Грязь заползала под ногти, вгонялась в трещинки на мокрых ладонях и залезала под куртку. Он копал бесконечно долго и все это время смотрел на обездвиженный в попытках принять факт, что это не ебучая злая шутка.
Это чертова безнадежная реальность.
Глаза переставали видеть сквозь пелену воды, он протирал их грязными руками, делая только хуже. Потянул мешок за край, затягивая в вырытую яму. Из мешка выглянула светлая рука, и ему потребовалась огромная сила, чтобы засунуть ее обратно.
На часах стучал третий час ночи, седьмое июня. И если проклятые числа на самом деле существуют, седьмым июня прокляли его самого.

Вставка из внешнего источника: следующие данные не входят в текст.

lemma transfer_operator_L1_contraction:
  assumes T: "nonsingular_map T" and L: "transfer_operator T L"
    and f1: "set_integrable lebesgue {0..1} f1" and f2: "set_integrable lebesgue {0..1} f2"
  shows "(LINT x:{0..1}|lebesgue. \<bar>L f1 x - L f2 x\<bar>) \<le> (LINT x:{0..1}|lebesgue. \<bar>f1 x - f2 x\<bar>)"
proof -
  note Lf1 = transfer_operator_integrable[OF L f1] and Lf2 = transfer_operator_integrable[OF L f2]
  obtain s where s: "s \<in> borel_measurable borel" and s_le: "\<And>x. \<bar>s x\<bar> \<le> 1"
    and sgn: "AE x in lebesgue. x \<in> {0..1} \<longrightarrow> \<bar>L f1 x - L f2 x\<bar> = (L f1 x - L f2 x) * s x"
    using sign_function_AE[OF set_integral_diff(1)[OF Lf1 Lf2]] by blast
  have "bounded (range s)" using s_le unfolding bounded_iff by auto
  then have dual: "(LINT x:{0..1}|lebesgue. L f x * s x) = (LINT x:{0..1}|lebesgue. f x * s (T x))"
    if "set_integrable lebesgue {0..1} f" for f
    using L s that unfolding transfer_operator_def by blast
  have "s \<in> borel_measurable lebesgue"
    using s by (intro measurable_completion) (simp add: measurable_lborel2)
  then have "set_borel_measurable lebesgue {0..1} s"
    using borel_measurable_indicator[of "{0..1::real}" lebesgue]
    unfolding set_borel_measurable_def by (intro borel_measurable_scaleR) auto
  then have Ls: "set_integrable lebesgue {0..1} (\<lambda>x. L f x * s x)"
    if "set_integrable lebesgue {0..1} f" for f
    using transfer_operator_integrable[OF L that] s_le by (intro set_integrable_mult_bounded)
  have "T \<in> borel_measurable (restrict_space lebesgue {0..1})"
    using T unfolding nonsingular_map_def by blast
  from measurable_comp[OF this s]
  have "set_borel_measurable lebesgue {0..1} (\<lambda>x. s (T x))"
    unfolding set_borel_measurable_def by (subst (asm) borel_measurable_restrict_space_iff) (auto simp: o_def)
  then have fsT: "set_integrable lebesgue {0..1} (\<lambda>x. f x * s (T x))"
    if "set_integrable lebesgue {0..1} f" for f
    using that s_le by (intro set_integrable_mult_bounded)
  have "(LINT x:{0..1}|lebesgue. \<bar>L f1 x - L f2 x\<bar>) = (LINT x:{0..1}|lebesgue. (L f1 x - L f2 x) * s x)"
    using sgn by (rule set_integral_cong_AE_lebesgue)
  also have "\<dots> = (LINT x:{0..1}|lebesgue. f1 x * s (T x)) - (LINT x:{0..1}|lebesgue. f2 x * s (T x))"
    using set_integral_diff(2)[OF Ls[OF f1] Ls[OF f2]] dual[OF f1] dual[OF f2]
    by (simp add: left_diff_distrib)
  also have "\<dots> = (LINT x:{0..1}|lebesgue. (f1 x - f2 x) * s (T x))"
    using set_integral_diff(2)[OF fsT[OF f1] fsT[OF f2]] by (simp add: left_diff_distrib)
  also have "\<dots> \<le> (LINT x:{0..1}|lebesgue. \<bar>f1 x - f2 x\<bar>)"
  proof (rule set_integral_mono)
    show "set_integrable lebesgue {0..1} (\<lambda>x. (f1 x - f2 x) * s (T x))"
      using set_integral_diff(1)[OF fsT[OF f1] fsT[OF f2]] by (simp add: left_diff_distrib)
    show "set_integrable lebesgue {0..1} (\<lambda>x. \<bar>f1 x - f2 x\<bar>)"
      using set_integral_diff(1)[OF f1 f2] by (rule set_integrable_abs)
    fix x
    have "(f1 x - f2 x) * s (T x) \<le> \<bar>f1 x - f2 x\<bar> * \<bar>s (T x)\<bar>"
      by (metis abs_ge_self abs_mult)
    also have "\<dots> \<le> \<bar>f1 x - f2 x\<bar>" using s_le[of "T x"] by (intro mult_left_le) auto
    finally show "(f1 x - f2 x) * s (T x) \<le> \<bar>f1 x - f2 x\<bar>" .
  qed
  finally show ?thesis .
qed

Он бросал куски земли на темный, блестящий от капель, мешок, с каждым разом закрывая все больше. Разодранные пальцы адски горели, глотка высохла, мокрые волосы закрывали глаза и прилипали ко лбу и щекам.
В момент стало настолько пусто и спокойно, что он потерялся, реальность это или уже нет.
Среднее действие — соединение нитроглицерина, шарики из подшипника, корпус из плотного металла, аккумулятор от пейджера для дистанционного использования.
В ночь седьмого июня он подорвал церковь Святого Георгия. Ночью седьмого июня взорвал склады Шигараки в порту на Заливе Сан-Педро. Седьмого июня он подпалил дом Шиндо.
***
К востоку от Лос-Анджелеса, в пригороде Оушенсайда, он решил остановиться и зайти в супермаркет. Припарковал шевроле в двух кварталах, нацепил на голову белую бейсболку с логотипом заправочной станции при выезде из города — орел с широко раскинутыми крыльями. Накинул ветровку — от океанского бриза тянуло утренним холодом и тиной.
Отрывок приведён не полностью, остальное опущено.